*WHAT THE TASK ASKS*. Your answer consists of the lines in the data that contain "metis". Copy each of them.
___ INFORMATION GIVEN ___
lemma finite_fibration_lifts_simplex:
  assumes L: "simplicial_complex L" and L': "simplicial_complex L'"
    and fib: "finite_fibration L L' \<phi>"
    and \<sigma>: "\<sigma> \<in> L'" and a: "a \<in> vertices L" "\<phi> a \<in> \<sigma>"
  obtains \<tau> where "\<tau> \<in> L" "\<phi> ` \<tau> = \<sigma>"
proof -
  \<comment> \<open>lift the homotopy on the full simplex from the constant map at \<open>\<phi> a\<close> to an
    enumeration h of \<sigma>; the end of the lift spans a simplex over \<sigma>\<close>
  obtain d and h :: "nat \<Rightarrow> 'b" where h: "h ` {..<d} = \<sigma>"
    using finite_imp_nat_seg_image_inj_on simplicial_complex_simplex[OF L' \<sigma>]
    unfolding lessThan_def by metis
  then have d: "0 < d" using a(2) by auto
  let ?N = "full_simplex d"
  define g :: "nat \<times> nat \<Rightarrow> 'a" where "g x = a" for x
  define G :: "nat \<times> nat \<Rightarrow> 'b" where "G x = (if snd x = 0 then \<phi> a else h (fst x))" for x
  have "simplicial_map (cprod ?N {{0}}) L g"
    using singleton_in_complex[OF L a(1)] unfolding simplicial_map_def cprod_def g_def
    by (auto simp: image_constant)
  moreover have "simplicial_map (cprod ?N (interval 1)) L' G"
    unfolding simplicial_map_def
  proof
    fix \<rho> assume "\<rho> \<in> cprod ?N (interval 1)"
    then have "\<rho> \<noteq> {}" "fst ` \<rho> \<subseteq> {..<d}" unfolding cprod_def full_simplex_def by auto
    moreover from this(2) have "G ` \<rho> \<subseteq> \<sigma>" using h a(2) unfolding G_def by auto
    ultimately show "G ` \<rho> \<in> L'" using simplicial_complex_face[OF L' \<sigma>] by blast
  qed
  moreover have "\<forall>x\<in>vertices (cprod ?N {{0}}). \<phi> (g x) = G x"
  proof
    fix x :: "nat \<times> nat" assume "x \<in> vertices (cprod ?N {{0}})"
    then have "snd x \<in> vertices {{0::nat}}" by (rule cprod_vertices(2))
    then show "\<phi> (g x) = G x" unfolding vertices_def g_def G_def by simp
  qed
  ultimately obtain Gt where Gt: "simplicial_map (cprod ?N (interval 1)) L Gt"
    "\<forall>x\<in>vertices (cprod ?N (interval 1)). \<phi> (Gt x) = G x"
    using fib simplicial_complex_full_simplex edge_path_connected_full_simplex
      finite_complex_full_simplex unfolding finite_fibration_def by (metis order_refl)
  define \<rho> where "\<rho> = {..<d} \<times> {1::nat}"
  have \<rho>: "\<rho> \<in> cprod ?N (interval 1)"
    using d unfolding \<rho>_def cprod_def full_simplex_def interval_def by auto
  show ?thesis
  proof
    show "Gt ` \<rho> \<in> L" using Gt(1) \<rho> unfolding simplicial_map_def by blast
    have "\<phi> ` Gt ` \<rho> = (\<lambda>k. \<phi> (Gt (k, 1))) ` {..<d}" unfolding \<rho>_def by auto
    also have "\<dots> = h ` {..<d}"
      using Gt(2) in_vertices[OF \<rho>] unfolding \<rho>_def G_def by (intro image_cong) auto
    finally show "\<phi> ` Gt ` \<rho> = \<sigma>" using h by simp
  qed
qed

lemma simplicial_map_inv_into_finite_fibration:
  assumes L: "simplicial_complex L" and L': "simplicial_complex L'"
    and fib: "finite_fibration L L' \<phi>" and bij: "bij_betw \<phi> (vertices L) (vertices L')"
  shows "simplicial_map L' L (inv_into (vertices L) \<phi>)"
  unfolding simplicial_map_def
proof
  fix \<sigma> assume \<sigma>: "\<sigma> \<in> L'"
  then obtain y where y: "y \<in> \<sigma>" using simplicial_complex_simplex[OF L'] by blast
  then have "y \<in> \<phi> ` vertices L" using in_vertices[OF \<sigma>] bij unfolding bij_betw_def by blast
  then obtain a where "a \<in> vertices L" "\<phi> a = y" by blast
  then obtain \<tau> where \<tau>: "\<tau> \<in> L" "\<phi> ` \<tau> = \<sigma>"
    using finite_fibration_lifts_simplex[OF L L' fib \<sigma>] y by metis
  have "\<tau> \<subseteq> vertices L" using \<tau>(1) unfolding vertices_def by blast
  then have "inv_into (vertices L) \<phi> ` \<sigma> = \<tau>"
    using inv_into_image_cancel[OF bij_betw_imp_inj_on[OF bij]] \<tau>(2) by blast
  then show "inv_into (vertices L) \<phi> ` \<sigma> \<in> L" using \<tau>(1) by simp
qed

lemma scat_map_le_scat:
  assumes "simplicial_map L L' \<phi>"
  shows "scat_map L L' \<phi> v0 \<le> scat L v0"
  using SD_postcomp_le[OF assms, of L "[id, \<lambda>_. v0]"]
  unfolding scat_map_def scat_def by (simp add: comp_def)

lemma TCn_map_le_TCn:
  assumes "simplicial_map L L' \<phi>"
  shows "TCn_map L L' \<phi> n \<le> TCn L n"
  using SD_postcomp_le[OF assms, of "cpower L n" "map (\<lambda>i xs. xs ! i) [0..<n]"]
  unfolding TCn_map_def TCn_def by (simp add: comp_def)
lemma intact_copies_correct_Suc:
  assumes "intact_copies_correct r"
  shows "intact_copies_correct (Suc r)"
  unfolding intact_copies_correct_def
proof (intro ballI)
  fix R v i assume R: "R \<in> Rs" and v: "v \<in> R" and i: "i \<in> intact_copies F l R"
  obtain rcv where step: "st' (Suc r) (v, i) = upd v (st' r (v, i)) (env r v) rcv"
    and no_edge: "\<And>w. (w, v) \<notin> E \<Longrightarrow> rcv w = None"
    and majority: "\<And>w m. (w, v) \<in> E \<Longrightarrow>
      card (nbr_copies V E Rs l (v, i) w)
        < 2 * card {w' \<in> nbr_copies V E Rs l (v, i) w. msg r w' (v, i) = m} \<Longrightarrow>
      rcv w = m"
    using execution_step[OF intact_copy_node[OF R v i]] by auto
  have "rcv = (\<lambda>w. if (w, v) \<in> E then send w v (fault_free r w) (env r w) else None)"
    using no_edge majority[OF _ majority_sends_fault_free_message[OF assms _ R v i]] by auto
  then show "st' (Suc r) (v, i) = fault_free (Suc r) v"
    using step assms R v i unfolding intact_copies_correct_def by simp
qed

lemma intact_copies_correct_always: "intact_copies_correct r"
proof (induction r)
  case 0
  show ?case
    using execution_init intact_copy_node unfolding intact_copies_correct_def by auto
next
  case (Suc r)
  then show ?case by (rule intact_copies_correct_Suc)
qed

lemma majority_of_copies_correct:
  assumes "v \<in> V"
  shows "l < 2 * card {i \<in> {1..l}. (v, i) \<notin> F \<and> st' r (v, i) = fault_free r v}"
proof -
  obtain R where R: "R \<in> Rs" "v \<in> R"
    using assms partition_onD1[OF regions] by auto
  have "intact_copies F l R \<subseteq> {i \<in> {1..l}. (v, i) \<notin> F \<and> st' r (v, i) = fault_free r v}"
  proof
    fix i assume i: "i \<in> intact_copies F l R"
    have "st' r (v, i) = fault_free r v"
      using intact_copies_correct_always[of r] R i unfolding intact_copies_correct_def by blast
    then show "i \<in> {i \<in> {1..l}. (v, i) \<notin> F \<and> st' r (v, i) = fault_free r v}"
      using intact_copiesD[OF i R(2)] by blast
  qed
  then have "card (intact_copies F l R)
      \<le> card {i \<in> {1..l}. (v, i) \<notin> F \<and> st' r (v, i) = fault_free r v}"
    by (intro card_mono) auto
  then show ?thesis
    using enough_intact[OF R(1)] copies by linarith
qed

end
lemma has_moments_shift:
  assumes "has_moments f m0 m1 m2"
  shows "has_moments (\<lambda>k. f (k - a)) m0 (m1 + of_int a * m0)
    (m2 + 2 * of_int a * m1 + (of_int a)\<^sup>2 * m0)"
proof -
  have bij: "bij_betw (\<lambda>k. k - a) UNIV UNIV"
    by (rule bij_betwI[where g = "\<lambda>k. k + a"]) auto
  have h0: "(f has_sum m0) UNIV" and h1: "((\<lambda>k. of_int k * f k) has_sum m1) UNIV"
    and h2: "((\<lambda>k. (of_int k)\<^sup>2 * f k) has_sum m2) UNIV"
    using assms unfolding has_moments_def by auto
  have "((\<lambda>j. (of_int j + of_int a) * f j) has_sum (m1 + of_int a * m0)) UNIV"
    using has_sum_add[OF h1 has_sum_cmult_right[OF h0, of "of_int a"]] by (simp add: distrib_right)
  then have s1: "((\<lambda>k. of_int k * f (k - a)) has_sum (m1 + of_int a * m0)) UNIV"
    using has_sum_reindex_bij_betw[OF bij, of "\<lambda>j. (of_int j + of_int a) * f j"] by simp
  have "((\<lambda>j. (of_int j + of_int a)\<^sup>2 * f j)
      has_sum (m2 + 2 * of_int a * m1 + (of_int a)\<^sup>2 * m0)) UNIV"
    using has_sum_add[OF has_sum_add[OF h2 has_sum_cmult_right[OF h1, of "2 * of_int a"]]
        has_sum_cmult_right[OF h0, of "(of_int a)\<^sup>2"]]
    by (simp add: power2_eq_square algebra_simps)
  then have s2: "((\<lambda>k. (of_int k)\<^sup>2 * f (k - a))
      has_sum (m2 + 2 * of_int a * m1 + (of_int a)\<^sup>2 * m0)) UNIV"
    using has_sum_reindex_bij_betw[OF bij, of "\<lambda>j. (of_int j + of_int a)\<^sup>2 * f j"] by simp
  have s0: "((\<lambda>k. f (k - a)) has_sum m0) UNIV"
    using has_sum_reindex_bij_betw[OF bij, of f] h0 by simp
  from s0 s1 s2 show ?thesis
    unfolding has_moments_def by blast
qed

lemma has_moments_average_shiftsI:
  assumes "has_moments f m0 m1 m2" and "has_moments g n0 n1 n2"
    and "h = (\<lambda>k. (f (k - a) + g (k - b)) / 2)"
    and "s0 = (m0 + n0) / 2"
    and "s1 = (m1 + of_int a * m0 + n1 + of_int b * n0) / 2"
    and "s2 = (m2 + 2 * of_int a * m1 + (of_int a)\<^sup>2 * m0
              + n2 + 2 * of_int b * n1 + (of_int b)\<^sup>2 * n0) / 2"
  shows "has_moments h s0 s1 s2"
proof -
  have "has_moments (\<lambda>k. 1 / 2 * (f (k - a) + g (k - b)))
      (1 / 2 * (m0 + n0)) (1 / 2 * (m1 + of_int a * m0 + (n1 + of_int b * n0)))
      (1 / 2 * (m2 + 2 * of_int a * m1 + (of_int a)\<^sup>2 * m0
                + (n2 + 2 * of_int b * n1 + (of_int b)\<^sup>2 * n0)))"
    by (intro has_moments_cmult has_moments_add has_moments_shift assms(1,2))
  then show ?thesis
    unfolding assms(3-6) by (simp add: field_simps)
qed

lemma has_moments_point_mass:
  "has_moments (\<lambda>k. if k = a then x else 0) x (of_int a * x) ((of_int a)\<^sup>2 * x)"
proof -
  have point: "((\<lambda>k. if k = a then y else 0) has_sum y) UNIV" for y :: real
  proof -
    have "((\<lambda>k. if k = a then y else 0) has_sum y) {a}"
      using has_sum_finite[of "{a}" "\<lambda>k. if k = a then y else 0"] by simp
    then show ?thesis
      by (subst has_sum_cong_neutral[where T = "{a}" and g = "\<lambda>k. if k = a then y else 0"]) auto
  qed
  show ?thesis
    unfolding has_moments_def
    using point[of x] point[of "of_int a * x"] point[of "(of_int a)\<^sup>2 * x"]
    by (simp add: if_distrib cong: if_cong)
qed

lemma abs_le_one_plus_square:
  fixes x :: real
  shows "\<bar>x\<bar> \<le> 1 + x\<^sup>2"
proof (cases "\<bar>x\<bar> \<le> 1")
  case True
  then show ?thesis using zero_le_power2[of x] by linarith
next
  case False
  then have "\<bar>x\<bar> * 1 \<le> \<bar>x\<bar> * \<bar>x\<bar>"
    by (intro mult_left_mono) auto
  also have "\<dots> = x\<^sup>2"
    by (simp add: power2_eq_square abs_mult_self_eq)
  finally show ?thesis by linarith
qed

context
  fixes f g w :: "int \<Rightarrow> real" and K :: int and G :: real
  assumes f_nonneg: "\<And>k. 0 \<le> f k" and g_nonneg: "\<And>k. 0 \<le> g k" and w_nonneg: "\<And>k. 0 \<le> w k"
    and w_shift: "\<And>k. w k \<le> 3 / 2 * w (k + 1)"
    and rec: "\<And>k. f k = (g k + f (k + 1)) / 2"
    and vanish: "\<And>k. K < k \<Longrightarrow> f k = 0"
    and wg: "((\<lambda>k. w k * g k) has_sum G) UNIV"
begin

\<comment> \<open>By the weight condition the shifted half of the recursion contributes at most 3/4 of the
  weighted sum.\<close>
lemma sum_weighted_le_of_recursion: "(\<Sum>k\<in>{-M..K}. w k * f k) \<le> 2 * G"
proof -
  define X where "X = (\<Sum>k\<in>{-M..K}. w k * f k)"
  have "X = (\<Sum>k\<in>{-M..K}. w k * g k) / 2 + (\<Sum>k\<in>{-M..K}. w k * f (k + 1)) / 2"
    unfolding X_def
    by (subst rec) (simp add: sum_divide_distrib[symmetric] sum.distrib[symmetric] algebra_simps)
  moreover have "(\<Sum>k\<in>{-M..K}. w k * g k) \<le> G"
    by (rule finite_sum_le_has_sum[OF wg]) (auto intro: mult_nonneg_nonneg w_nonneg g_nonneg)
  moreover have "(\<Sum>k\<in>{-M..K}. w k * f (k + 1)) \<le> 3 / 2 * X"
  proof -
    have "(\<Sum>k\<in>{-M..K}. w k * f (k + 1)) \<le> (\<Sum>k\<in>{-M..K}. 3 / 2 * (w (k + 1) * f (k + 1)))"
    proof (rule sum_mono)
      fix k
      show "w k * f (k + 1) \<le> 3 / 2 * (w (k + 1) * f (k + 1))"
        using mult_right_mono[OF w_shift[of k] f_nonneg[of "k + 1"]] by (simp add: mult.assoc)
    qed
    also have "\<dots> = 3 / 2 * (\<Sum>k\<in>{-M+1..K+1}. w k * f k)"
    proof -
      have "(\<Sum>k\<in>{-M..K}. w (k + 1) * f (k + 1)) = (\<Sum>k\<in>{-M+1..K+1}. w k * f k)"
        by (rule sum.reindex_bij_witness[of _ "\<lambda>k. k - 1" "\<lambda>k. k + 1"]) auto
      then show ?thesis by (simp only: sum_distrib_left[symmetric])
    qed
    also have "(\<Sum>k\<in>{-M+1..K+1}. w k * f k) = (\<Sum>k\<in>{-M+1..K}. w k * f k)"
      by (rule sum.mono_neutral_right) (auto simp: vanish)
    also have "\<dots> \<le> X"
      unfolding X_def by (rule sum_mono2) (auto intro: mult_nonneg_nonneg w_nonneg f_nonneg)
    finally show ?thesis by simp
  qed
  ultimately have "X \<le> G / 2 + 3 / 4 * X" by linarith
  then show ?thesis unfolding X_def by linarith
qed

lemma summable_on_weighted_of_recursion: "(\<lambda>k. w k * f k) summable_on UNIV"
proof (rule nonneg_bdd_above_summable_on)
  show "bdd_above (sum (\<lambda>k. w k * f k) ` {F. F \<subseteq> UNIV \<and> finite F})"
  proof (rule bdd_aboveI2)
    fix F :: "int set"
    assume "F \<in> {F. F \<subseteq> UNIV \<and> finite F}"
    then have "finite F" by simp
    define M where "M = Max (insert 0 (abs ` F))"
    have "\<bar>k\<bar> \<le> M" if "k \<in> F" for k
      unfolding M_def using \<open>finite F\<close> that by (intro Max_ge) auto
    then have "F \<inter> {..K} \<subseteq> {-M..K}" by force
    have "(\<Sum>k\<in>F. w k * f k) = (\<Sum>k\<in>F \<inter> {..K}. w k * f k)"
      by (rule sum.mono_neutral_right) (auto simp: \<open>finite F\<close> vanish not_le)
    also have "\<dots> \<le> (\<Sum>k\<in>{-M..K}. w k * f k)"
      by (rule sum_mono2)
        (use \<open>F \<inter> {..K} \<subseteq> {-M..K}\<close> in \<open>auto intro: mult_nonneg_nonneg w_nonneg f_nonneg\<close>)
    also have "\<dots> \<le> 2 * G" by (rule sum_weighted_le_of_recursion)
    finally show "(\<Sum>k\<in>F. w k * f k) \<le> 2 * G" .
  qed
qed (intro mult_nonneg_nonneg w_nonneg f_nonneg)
___
*ANSWER TO THIS TASK*.
    unfolding lessThan_def by metis
      finite_complex_full_simplex unfolding finite_fibration_def by (metis order_refl)
    using finite_fibration_lifts_simplex[OF L L' fib \<sigma>] y by metis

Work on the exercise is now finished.